▶ _Requirement_
Please report, as a single number with no other text, how many lines of the listing contain "dots".

▶ _Source material_
(* Let $k$ be a finite field of odd characteristic, $b:V\times V\to W$ a non-degenerate Hermitian $k$-bilinear map, and $\mathcal{X}$ a direct sum decomposition of $V$ with associated set $\mathcal{E}=\mathcal{E}(\mathcal{X})$ of supplementary idempotents. (i) $\mathcal{E}\subseteq\operatorname{Sym}(b)$ if and only if $\mathcal{X}$ is a $\perp$-decomposition of $b$. (ii) $\mathcal{X}$ is a fully refined $\perp$-decomposition of $b$ if and only if $\mathcal{E}$ is a frame of the Jordan algebra $\operatorname{Sym}(b)$. (iii) If $\mathcal{X}$ is a $\perp$-decomposition and $(\alpha,\hat\alpha)\in\operatorname{Isom}^*(b)$, then $\mathcal{X}\alpha=\mathcal{X}(\alpha^{-1}\mathcal{E}\alpha)$ and $\alpha^{-1}\mathcal{E}\alpha=\mathcal{E}(\mathcal{X}\alpha)$, where $\alpha^{-1}\mathcal{E}\alpha=\{\alpha^{-1}e\alpha: e\in\mathcal{E}\}$. In particular $\operatorname{Isom}^*(b)$ acts (by conjugation) on the set of all frames of $\operatorname{Sym}(b)$.
   Context: $b$ is Hermitian if $W=b(V,V)$ and $b(u,v)=b(v,u)\theta$ for some $\theta\in\mathrm{GL}(W)$; non-degenerate if $b(u,V)=0=b(V,u)$ implies $u=0$. $\operatorname{Sym}(b)=\{f\in\operatorname{End}V: b(uf,v)=b(u,vf)\ \forall u,v\}$, a Jordan algebra under $x\bullet y=\tfrac12(xy+yx)$. For a direct decomposition $\mathcal{X}$ of $V$, $\mathcal{E}(\mathcal{X})$ is the set of projections $e_X$ ($X\in\mathcal{X}$) onto $X$ along the sum of the other members; for a set $\mathcal{F}$ of supplementary idempotents (pairwise orthogonal, summing to $1$) of $\operatorname{End}V$, $\mathcal{X}(\mathcal{F})=\{Vf: f\in\mathcal{F}\}$. A $\perp$-decomposition of $b$ is a set of subspaces, pairwise $b$-orthogonal ($b(X,Y)=0$ for distinct $X,Y$), generating $V$, with no proper subset generating $V$; it is fully refined if each restriction $b_X:X\times X\to b(X,X)$ has no $\perp$-decomposition other than $\{X\}$. In a Jordan algebra, idempotents $e,f$ are orthogonal if $e\bullet f=efe=fef=0$; an idempotent is primitive if it is not a sum of two proper (non-zero, non-identity) orthogonal idempotents; a frame is a set of primitive pairwise orthogonal idempotents summing to $1$. $\operatorname{Isom}^*(b)=\{(\alpha,\hat\alpha)\in\mathrm{GL}(V)\times\mathrm{GL}(W): b(u\alpha,v\alpha)=b(u,v)\hat\alpha\}$. *)

theory Defs
  imports Complex_Main
begin
text \<open>\<open>z (f(z) - f(a)) / (z - a)\<close> in the outer variable \<open>z\<close>: the coefficient of \<open>z^j\<close>
  (\<open>j \<ge> 1\<close>) is \<open>\<Sum>_t f_{t+j} a^t\<close>.\<close>
definition fps_diff_quotient :: "'a::idom fps \<Rightarrow> 'a fps \<Rightarrow> 'a fps fps" where
  "fps_diff_quotient f a = Abs_fps (\<lambda>j. if j = 0 then 0 else fps_shift j f oo a)"

lemma fps_shift_conv_Suc:
  fixes f :: "'a::comm_ring_1 fps"
  shows "fps_shift j f = fps_const (f $ j) + fps_X * fps_shift (Suc j) f"
  by (auto simp: fps_eq_iff)

lemma fps_diff_quotient_times:
  assumes "a $ 0 = 0"
  shows "(fps_X - fps_const a) * fps_diff_quotient f a = fps_X * (lift_fps f - fps_const (f oo a))"
proof (rule fps_ext)
  let ?Q = "\<lambda>j. fps_shift j f oo a"
  have Q: "?Q j = fps_const (f $ j) + a * ?Q (Suc j)" for j
    by (subst fps_shift_conv_Suc) (simp add: fps_compose_add_distrib fps_compose_mult_distrib assms)
  fix n
  show "((fps_X - fps_const a) * fps_diff_quotient f a) $ n =
        (fps_X * (lift_fps f - fps_const (f oo a))) $ n"
  proof (cases n)
    case (Suc j)
    then show ?thesis
      using Q[of j] by (cases j) (simp_all add: fps_diff_quotient_def algebra_simps)
  qed (simp add: fps_diff_quotient_def)
qed
(* Let $\beta>0$, $0<c_1,\dots,c_p<1$ pairwise distinct, $\vec n\in\mathbb N_0^p$, $i\in\{1,\dots,p\}$ with $n_i\ge1$. The type I multiple Meixner polynomials of the first kind are $$M^{(i)}_{1:\vec n}(x;\beta,\vec c)=\frac{(-1)^{n_i-1}(1-c_i)^{|\vec n|-1+\beta}}{(n_i-1)!(\beta)_{|\vec n|-n_i}c_i^{n_i-1}}\prod_{q\ne i}\Big(\frac{1-c_q}{c_i-c_q}\Big)^{n_q}\sum_{\ell_1,\dots,\ell_p\ge0}\frac{(-n_i+1)_{L}}{(\beta+|\vec n|-n_i)_{L}}(x+\beta)_{\ell_i}\frac{(1-c_i)^{\ell_i}}{\ell_i!}\prod_{q\ne i}(n_q)_{\ell_q}\frac{1}{\ell_q!}\Big(\frac{(1-c_i)c_q}{c_q-c_i}\Big)^{\ell_q},$$ where $L=\ell_1+\cdots+\ell_p$ (the sum is finite since $(-n_i+1)_L=0$ for $L\ge n_i$).
   Context: Weights $w_i(x)=\frac{\Gamma(\beta+x)}{\Gamma(\beta)\Gamma(x+1)}c_i^x$ on $\mathbb N_0$. Type I polynomials $M^{(1)}_{1:\vec n},\dots,M^{(p)}_{1:\vec n}$: $\deg M^{(i)}_{1:\vec n}\le n_i-1$ (zero if $n_i=0$), $\sum_i\sum_{k\ge0}k^jM^{(i)}_{1:\vec n}(k)w_i(k)=0$ for $0\le j\le|\vec n|-2$, $=1$ for $j=|\vec n|-1$. $(a)_m$ Pochhammer symbol. *)

theory Defs
  imports "HOL-Analysis.Analysis" "HOL-Computational_Algebra.Polynomial"
begin

definition meixner_weight :: "real \<Rightarrow> real \<Rightarrow> nat \<Rightarrow> real" where
  "meixner_weight \<beta> c x = Gamma (\<beta> + real x) / (Gamma \<beta> * Gamma (real x + 1)) * c ^ x"

definition msize :: "nat \<Rightarrow> (nat \<Rightarrow> nat) \<Rightarrow> nat" where
  "msize p n = (\<Sum>q=1..p. n q)"

definition is_typeI :: "nat \<Rightarrow> real \<Rightarrow> (nat \<Rightarrow> real) \<Rightarrow> (nat \<Rightarrow> nat) \<Rightarrow> (nat \<Rightarrow> real poly) \<Rightarrow> bool" where
  "is_typeI p \<beta> c n M \<longleftrightarrow>
     (\<forall>i\<in>{1..p}. (n i = 0 \<longrightarrow> M i = 0) \<and> (n i \<ge> 1 \<longrightarrow> degree (M i) \<le> n i - 1)) \<and>
     (\<forall>j < msize p n.
        (\<lambda>k. \<Sum>i=1..p. real k ^ j * poly (M i) (real k) * meixner_weight \<beta> (c i) k)
          sums (if j = msize p n - 1 then 1 else 0))"

text \<open>Explicit formula (the sum over l_1..l_p is restricted to l_q < n_i, which
  contains every nonzero term since (-n_i+1)_L = 0 for L >= n_i).\<close>
definition meixner_typeI_formula ::
  "nat \<Rightarrow> real \<Rightarrow> (nat \<Rightarrow> real) \<Rightarrow> (nat \<Rightarrow> nat) \<Rightarrow> nat \<Rightarrow> real \<Rightarrow> real" where
  "meixner_typeI_formula p \<beta> c n i x =
    (-1) ^ (n i - 1) * (1 - c i) powr (real (msize p n) - 1 + \<beta>)
    / (fact (n i - 1) * pochhammer \<beta> (msize p n - n i) * c i ^ (n i - 1))
    * (\<Prod>q\<in>{1..p}-{i}. ((1 - c q) / (c i - c q)) ^ n q)
    * (\<Sum>l\<in>PiE {1..p} (\<lambda>_. {0..<n i}).
         pochhammer (1 - real (n i)) (\<Sum>q=1..p. l q)
         / pochhammer (\<beta> + real (msize p n) - real (n i)) (\<Sum>q=1..p. l q)
         * pochhammer (x + \<beta>) (l i) * (1 - c i) ^ l i / fact (l i)
         * (\<Prod>q\<in>{1..p}-{i}. pochhammer (real (n q)) (l q) / fact (l q)
              * ((1 - c i) * c q / (c q - c i)) ^ l q))"

end

theory Submission
  imports Defs "HOL-Computational_Algebra.Formal_Power_Series"
begin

▶ _Your solution_
2